Whose party is it, anyway? To ask the question slightly differently, are parents paying for their kids to have fun, or are they living vicariously through the next generation?

Parents have always lived through their kids to some extent -- especially in the United States. Social commentators, starting with Alexis de Tocqueville, have pointed out that the signature feature of American life is the chance to move up a rung or two on the social ladder. By giving our kids parties that we wouldn't have been invited to ourselves and vacations we still don't go on, we are living the next generation's success - in our own generation. But in whose interest is this money really being spent?

It is one thing when a grown-up decides to buy $150 stonewashed jeans or lease a brand-new SUV or go on a trip to Cancun. At least it is his or her own money (or debt, as the case may be.) But when parents use their kids' activities to reflect their own success, the message is not just mixed, it is a mess.

When I moved to Brooklyn with two young kids many years ago, I went for a walk with a friend who did not have children. She noticed a phenomenon that had passed me by, perhaps because I was part of it.

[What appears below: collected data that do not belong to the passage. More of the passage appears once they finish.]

lemma row_pos_le_of_row_above:
  assumes "row_above r s" "sorted_wrt (<) s" "c < length r"
  shows "row_pos s (r ! c) \<le> c"
proof (rule ccontr)
  assume "\<not> row_pos s (r ! c) \<le> c"
  then have "s ! c < r ! c" "c < length s"
    using nth_less_row_pos[OF assms(2)] row_pos_le_length[of s "r ! c"] by auto
  then show False using assms(1) by (auto simp: row_above_def)
qed

lemma row_above_after_bump:
  assumes rs: "row_above r s" and sr: "sorted_wrt (<) r" and c: "c < length r"
    and x: "x < r ! c" and d: "d \<le> c" "d \<le> length s"
    and len: "length s' = max (length s) (Suc d)"
    and s': "\<And>j. j < length s' \<Longrightarrow> s' ! j = (if j = d then r ! c else s ! j)"
  shows "row_above (r[c := x]) s'"
  unfolding row_above_def
proof (intro conjI allI impI)
  show "length s' \<le> length (r[c := x])" using len rs d c by (auto simp: row_above_def)
  fix j assume j: "j < length s'"
  show "r[c := x] ! j < s' ! j"
  proof (cases "j = d")
    case True
    then show ?thesis
      using s'[OF j] x d c sr by (cases "d = c") (auto simp: sorted_wrt_iff_nth_less)
  next
    case False
    then have "j < length s" using j len d(2) by auto
    then have "r ! j < s ! j" using rs by (simp add: row_above_def)
    then show ?thesis using s'[OF j] False x c by (cases "j = c") auto
  qed
qed
lemma no_neighbour_after_run:
  assumes v: "v \<in> V" "v \<notin> set C"
    and last: "\<not> E v (C!(length C - 1))"
    and run: "1 \<le> m" "\<forall>j<m. E v (C!j)" "\<not> E v (C!m)"
    and e: "m \<le> e" "e < length C"
  shows "\<not> E v (C!e)"
proof
  assume "E v (C!e)"
  define k where "k = length C"
  define e0 where "e0 = (LEAST e. m \<le> e \<and> e < k \<and> E v (C!e))"
  have e0: "m \<le> e0" "e0 < k" "E v (C!e0)"
    using LeastI[of "\<lambda>e. m \<le> e \<and> e < k \<and> E v (C!e)"] \<open>E v (C!e)\<close> e
    unfolding e0_def k_def by blast+
  have gap: "\<not> E v (C!u)" if "m \<le> u" "u < e0" for u
    using not_less_Least[of u "\<lambda>e. m \<le> e \<and> e < k \<and> E v (C!e)"] that e0(2)
    unfolding e0_def by auto
  have k5: "5 \<le> k" using length_ge_5 by (simp add: k_def)
  have "m \<noteq> e0" "e0 \<noteq> k - 1" using e0(3) run(3) last unfolding k_def by auto
  then have me0: "m < e0" "e0 \<le> k - 2" using e0(1,2) by auto
  have "k \<le> (e0 - (m - 1)) + 2"
    unfolding k_def
  proof (rule length_le_gap[OF v, of _ "m - 1"])
    show "2 \<le> e0 - (m - 1)" "e0 - (m - 1) + 2 \<le> length C"
      using me0 run(1) unfolding k_def by auto
    fix j assume "j \<le> e0 - (m - 1)"
    then have "(m - 1 + j) mod length C = m - 1 + j" "m - 1 + j \<le> e0"
      using me0 e0(2) run(1) unfolding k_def by auto
    then show "E v (C!((m - 1 + j) mod length C)) \<longleftrightarrow> j = 0 \<or> j = e0 - (m - 1)"
      using run e0(3) gap[of "m - 1 + j"] by (cases "j = 0"; cases "j = e0 - (m - 1)") auto
  qed
  txt \<open>Minimality stretches the gap from C!0 to C!(k-2), and then v, C!(k-2), C!(k-1), C!0
    form an induced square.\<close>
  then have "e0 = k - 2" "m = 1" using me0 run(1) by auto
  then have "E v (C!(k-2))" "E (C!0) v" using e0(3) run(1,2) graph_sym[OF graph] by auto
  moreover have "E (C!(k-2)) (C!(k-1))" "E (C!(k-1)) (C!0)" "\<not> E (C!(k-2)) (C!0)"
    using adj_hole[of "k-2" "k-1"] adj_hole[of "k-1" 0] adj_hole[of "k-2" 0] k5 hole_not_Nil
      Suc_diff_Suc[of 1 k] Suc_diff_1[of k]
    unfolding k_def by (simp_all add: cyc_adj_def)
  moreover have in_C: "C!(k-2) \<in> set C" "C!(k-1) \<in> set C" "C!0 \<in> set C"
    using k5 unfolding k_def by (intro nth_mem, linarith)+
  then have "distinct [v, C!(k-2), C!(k-1), C!0]"
    using v(2) distinct_hole k5 hole_not_Nil unfolding k_def by (auto simp: nth_eq_iff_index_eq)
  moreover have "C!(k-2) \<in> V" "C!(k-1) \<in> V" "C!0 \<in> V"
    using set_hole in_C by auto
  ultimately show False
    using bridged_no_square[OF graph bridged, of v "C!(k-2)" "C!(k-1)" "C!0"] v last
    unfolding k_def by blast
qed

lemma neighbour_run_le_3:
  assumes v: "v \<in> V" "v \<notin> set C"
    and run: "1 \<le> m" "m < length C" "\<forall>j<m. E v (C!j)"
    and rest: "\<forall>j. m \<le> j \<longrightarrow> j < length C \<longrightarrow> \<not> E v (C!j)"
  shows "m \<le> 3"
proof (rule ccontr)
  assume "\<not> m \<le> 3"
  have "length C \<le> (length C - (m - 1)) + 2"
  proof (rule length_le_gap[OF v, of _ "m - 1"])
    show "2 \<le> length C - (m - 1)" "length C - (m - 1) + 2 \<le> length C"
      using run(2) \<open>\<not> m \<le> 3\<close> by auto
    fix j assume j: "j \<le> length C - (m - 1)"
    show "E v (C!((m - 1 + j) mod length C)) \<longleftrightarrow> j = 0 \<or> j = length C - (m - 1)"
    proof (cases "j = length C - (m - 1)")
      case True
      then have "(m - 1 + j) mod length C = 0" using run(1,2) by simp
      then show ?thesis using True run(1,3) by simp
    next
      case False
      then have "(m - 1 + j) mod length C = m - 1 + j" "m - 1 + j < length C"
        using j run(1,2) by auto
      then show ?thesis using False run(1,3) rest by (cases "j = 0") auto
    qed
  qed
  then show False using run(2) \<open>\<not> m \<le> 3\<close> by simp
qed

lemma neighbours_initial_run:
  assumes v: "v \<in> V" "v \<notin> set C"
    and first: "E v (C!0)" and last: "\<not> E v (C!(length C - 1))"
  obtains m where "1 \<le> m" "m \<le> 3" "\<And>j. j < length C \<Longrightarrow> E v (C!j) \<longleftrightarrow> j < m"
proof -
  define m where "m = (LEAST j. \<not> E v (C!j))"
  have "m \<le> length C - 1" "\<not> E v (C!m)"
    using last unfolding m_def by (fact Least_le, fact LeastI)
  moreover have run: "\<forall>j<m. E v (C!j)"
    unfolding m_def using not_less_Least by blast
  moreover have "1 \<le> m"
    using first \<open>\<not> E v (C!m)\<close> by (cases m) auto
  moreover have "m < length C" using \<open>m \<le> length C - 1\<close> length_ge_5 by linarith
  ultimately have rest: "\<forall>j. m \<le> j \<longrightarrow> j < length C \<longrightarrow> \<not> E v (C!j)"
    using no_neighbour_after_run[OF v last] by blast
  show ?thesis
  proof
    show "1 \<le> m" by fact
    show "m \<le> 3" using neighbour_run_le_3[OF v \<open>1 \<le> m\<close> \<open>m < length C\<close> run rest] .
    show "E v (C!j) \<longleftrightarrow> j < m" if "j < length C" for j
      using run rest that not_le by blast
  qed
qed

end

Why, she asked, were the little girls decked out in $75 French-smocked dresses, while the mothers pushing the strollers wore sweatpants?

Parents undermine their children when they shower them with stuff that they, the parents, think the kids should want, or, even worse, what might look good in a video to be shown to friends and extended family. Find out what kind of party your child might like based on his or her particular interests at the time.

Of course, along with being age-appropriate, parties and such should be budget-appropriate. Going into debt to keep up with a pre-teen down the block doesn't encourage financial competence in the next generation. Even stretching the budget to accommodate TV-based dreams can create a dangerous unreality in the minds of your kids.

As for the spring migration, parents, let your motto be: "Give me a break."